Alcohol retailer in Florida, United States

ABC Fine Wine & Spirits is an American retail chain that specializes in wine, spirits, beer, cigars, gourmet food, and accessories. The company is based in Orlando, Florida, and was founded in 1936 by Jack Holloway. It is owned by the Bailes family, and Charles Bailes III is its CEO. Despite the name, the company has no relation to the state-run Alcoholic Beverage Control or Alcoholic Beverage Commission stores (both of which are commonly known as ABC stores) found in several U.S. states.

== History ==
Jack Holloway, a Georgia native who moved to Florida in 1931, was working as a manager at a United Cigar store when Prohibition ended in 1933. Seeing an opportunity in the newly legalized liquor trade, he proposed selling alcohol to his employer, who declined. Holloway then borrowed money from a relative and opened Jack's Friendly Neighborhood Bar at the corner of North Orange Avenue and Wall Street in downtown Orlando in 1936. The location was strategic, as it was near a bus stop for Pinecastle Air Force Base (now Orlando International Airport), attracting servicemen.

In 1950, Holloway renamed the business ABC Liquors, reportedly to ensure it appeared first in the phone book and to create a memorable, trustworthy brand. The name later evolved to ABC Fine Wine & Spirits to reflect a more modern retail focus.
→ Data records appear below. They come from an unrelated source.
lemma affine_square_le: "\<bar>a + b * \<bar>y\<bar>\<bar> powr 2 \<le> 2 * a\<^sup>2 + 2 * b\<^sup>2 * \<bar>y\<bar> powr 2"
  for a b y :: real
  using zero_le_power2[of "a - b * \<bar>y\<bar>"] by (simp add: power2_eq_square algebra_simps)

lemma set_nn_integral_affine_square_le:
  fixes f :: "real \<Rightarrow> real"
  assumes "0 \<le> T"
  shows "(\<integral>\<^sup>+ t\<in>{0..T}. ennreal (\<bar>a + b * \<bar>f t\<bar>\<bar> powr 2) \<partial>lborel)
           \<le> ennreal (2 * a\<^sup>2 * T) + ennreal (2 * b\<^sup>2) * (\<integral>\<^sup>+ t\<in>{0..T}. ennreal (\<bar>f t\<bar> powr 2) \<partial>lborel)"
proof -
  have "ennreal (\<bar>a + b * \<bar>y\<bar>\<bar> powr 2) \<le> ennreal (2 * a\<^sup>2) + ennreal (2 * b\<^sup>2) * ennreal (\<bar>y\<bar> powr 2)"
    for y
    using ennreal_leI[OF affine_square_le[of a b y]] by (simp add: ennreal_plus ennreal_mult)
  then have "(\<integral>\<^sup>+ t\<in>{0..T}. ennreal (\<bar>a + b * \<bar>f t\<bar>\<bar> powr 2) \<partial>lborel)
      \<le> (\<integral>\<^sup>+ t. ennreal (2 * a\<^sup>2) * indicator {0..T} t
            + ennreal (2 * b\<^sup>2) * (ennreal (\<bar>f t\<bar> powr 2) * indicator {0..T} t) \<partial>lborel)"
    by (intro nn_integral_mono) (auto simp: indicator_def)
  also have "\<dots> \<le> (\<integral>\<^sup>+ t. ennreal (2 * a\<^sup>2) * indicator {0..T} t \<partial>lborel)
      + ennreal (2 * b\<^sup>2) * (\<integral>\<^sup>+ t\<in>{0..T}. ennreal (\<bar>f t\<bar> powr 2) \<partial>lborel)"
    by (intro nn_integral_simple_add_cmult_le) auto
  also have "\<dots> = ennreal (2 * a\<^sup>2 * T)
      + ennreal (2 * b\<^sup>2) * (\<integral>\<^sup>+ t\<in>{0..T}. ennreal (\<bar>f t\<bar> powr 2) \<partial>lborel)"
    using assms by (simp add: nn_integral_cmult_indicator ennreal_mult)
  finally show ?thesis .
qed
Holloway was skilled at numbers and sales and he found a planner and builder in Charles Bailes Jr., who married Holloway's daughter, Jackie, and left Cone Bros. Construction, one of the companies that helped build Florida's Turnpike, to join ABC. The company grew slowly, reaching about six stores by the mid-1940s. Holloway, known for his frugality and business acumen, reinvested profits into acquiring more bars and package stores. Many early stores included attached lounges, ranging from dive bars to country music dance bars and discos. Holloway's daughter, Jackie, married Charles Bailes Jr., who joined the company after working at Cone Bros. Construction. Bailes Jr. helped professionalize operations, and the company built a new headquarters and warehouse in 1975 in south Orlando, where it remains. Holloway's grandsons, Charles Bailes III (current Chairman and CEO) and Jess Bailes (Executive Vice President), took leadership roles in 1994, continuing the family-owned tradition.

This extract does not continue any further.